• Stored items
········

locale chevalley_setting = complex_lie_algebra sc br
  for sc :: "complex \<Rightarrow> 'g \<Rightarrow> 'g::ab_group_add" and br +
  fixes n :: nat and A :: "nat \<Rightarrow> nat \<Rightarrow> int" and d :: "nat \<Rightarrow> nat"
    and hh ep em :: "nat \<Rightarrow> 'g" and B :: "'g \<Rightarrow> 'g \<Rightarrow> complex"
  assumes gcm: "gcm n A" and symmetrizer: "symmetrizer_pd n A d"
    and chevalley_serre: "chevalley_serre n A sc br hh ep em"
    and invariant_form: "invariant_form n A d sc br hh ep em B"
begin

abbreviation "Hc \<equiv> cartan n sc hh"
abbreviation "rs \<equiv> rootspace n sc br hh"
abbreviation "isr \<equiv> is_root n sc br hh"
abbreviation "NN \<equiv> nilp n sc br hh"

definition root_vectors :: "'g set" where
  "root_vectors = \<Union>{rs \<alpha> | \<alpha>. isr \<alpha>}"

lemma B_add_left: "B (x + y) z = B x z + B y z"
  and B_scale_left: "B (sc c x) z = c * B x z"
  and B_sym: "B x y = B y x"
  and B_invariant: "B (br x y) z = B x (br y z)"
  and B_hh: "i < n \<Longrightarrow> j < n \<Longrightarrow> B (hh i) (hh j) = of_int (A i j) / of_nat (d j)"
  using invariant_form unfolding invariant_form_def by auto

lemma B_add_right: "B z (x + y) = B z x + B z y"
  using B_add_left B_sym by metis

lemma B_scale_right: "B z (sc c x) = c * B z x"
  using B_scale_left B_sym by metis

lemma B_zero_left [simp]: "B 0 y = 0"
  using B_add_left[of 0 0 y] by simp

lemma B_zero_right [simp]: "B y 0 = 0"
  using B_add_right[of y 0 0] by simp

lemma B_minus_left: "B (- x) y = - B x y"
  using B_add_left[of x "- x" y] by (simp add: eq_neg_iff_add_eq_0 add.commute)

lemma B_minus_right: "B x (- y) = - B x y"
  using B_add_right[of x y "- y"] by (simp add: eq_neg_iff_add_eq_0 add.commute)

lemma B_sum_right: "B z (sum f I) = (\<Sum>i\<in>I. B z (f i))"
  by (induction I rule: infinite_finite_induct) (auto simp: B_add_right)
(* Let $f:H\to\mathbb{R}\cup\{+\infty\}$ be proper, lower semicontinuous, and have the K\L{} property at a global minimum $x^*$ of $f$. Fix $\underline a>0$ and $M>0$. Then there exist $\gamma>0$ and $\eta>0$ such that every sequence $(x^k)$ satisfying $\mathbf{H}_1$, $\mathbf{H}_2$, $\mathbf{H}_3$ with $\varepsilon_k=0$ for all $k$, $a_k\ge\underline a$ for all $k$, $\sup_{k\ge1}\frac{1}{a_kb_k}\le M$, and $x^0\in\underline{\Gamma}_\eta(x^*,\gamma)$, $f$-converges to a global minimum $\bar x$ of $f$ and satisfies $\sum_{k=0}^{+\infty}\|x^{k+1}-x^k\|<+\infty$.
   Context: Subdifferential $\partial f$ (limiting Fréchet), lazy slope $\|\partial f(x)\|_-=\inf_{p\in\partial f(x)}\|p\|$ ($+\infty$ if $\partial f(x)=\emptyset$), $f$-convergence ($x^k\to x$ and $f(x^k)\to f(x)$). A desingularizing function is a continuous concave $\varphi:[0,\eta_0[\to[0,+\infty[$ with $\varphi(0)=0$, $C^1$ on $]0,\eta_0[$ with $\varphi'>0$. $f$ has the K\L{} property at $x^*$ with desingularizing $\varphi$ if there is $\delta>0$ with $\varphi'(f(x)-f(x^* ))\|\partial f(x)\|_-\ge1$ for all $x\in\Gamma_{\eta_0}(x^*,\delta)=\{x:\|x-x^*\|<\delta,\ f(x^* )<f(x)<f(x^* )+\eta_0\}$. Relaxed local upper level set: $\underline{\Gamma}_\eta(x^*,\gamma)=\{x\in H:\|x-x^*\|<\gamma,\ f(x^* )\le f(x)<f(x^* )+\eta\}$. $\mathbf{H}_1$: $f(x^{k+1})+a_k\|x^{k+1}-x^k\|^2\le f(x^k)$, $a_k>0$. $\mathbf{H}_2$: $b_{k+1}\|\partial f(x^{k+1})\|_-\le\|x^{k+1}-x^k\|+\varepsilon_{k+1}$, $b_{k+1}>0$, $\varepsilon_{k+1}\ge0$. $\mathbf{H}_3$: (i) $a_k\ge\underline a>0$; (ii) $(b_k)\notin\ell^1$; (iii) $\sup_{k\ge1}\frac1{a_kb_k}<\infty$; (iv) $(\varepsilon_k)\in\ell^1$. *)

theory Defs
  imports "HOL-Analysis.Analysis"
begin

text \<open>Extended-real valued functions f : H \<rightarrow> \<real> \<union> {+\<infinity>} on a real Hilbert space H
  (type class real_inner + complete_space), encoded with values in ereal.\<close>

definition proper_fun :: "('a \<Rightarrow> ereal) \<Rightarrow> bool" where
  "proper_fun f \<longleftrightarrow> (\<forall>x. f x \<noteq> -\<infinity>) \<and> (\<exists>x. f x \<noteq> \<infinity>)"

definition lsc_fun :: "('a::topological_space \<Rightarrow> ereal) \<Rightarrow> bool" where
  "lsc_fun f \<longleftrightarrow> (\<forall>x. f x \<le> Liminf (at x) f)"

········

• What you need to do
Of the entries above, repeat exactly the lines from the line with "(type class real_inner" through the line with "x \<noteq> -\<infinity>)", both of them included.

• Answer to this exercise
  (type class real_inner + complete_space), encoded with values in ereal.\<close>

definition proper_fun :: "('a \<Rightarrow> ereal) \<Rightarrow> bool" where
  "proper_fun f \<longleftrightarrow> (\<forall>x. f x \<noteq> -\<infinity>) \<and> (\<exists>x. f x \<noteq> \<infinity>)"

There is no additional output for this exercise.